=== RECORDS TO PROCESS ===
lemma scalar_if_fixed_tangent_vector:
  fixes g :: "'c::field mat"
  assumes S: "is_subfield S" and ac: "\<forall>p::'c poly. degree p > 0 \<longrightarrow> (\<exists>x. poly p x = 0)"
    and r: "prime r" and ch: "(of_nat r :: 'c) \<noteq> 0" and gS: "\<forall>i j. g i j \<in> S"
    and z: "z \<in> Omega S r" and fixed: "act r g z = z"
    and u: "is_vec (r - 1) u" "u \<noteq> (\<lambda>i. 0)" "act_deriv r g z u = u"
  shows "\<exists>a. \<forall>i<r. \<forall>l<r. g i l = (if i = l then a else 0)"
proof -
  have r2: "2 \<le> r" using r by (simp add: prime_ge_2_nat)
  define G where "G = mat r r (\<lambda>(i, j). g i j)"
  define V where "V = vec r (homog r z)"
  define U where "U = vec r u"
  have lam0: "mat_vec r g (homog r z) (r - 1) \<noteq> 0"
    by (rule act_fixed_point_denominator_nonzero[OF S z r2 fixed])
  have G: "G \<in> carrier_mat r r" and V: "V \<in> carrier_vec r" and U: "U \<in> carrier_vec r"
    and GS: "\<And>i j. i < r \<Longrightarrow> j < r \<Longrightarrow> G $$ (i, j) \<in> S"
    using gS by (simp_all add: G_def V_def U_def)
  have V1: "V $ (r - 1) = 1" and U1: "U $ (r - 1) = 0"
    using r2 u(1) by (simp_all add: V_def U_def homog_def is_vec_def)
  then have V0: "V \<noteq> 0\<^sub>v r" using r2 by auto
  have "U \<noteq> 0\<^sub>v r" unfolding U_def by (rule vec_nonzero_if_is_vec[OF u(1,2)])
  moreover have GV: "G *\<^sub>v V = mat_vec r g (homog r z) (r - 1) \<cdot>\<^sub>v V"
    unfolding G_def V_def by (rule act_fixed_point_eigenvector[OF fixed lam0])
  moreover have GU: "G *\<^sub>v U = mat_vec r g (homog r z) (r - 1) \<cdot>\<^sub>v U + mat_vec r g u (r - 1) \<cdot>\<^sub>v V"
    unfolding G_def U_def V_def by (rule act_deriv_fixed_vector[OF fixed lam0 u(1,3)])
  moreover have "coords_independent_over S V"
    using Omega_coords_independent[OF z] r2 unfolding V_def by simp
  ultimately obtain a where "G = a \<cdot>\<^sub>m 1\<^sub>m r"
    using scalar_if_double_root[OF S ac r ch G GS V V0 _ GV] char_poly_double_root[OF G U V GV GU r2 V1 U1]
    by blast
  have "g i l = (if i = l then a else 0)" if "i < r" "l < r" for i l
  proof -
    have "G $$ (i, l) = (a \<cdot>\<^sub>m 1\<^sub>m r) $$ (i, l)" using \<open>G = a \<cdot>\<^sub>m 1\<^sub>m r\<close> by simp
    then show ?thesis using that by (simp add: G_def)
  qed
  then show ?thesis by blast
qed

=== WHAT YOU ARE ASKED TO DO ===
With "else" as the search string, filter the records and return each line that has it.

=== EXERCISE OUTPUT ===
  shows "\<exists>a. \<forall>i<r. \<forall>l<r. g i l = (if i = l then a else 0)"
  have "g i l = (if i = l then a else 0)" if "i < r" "l < r" for i l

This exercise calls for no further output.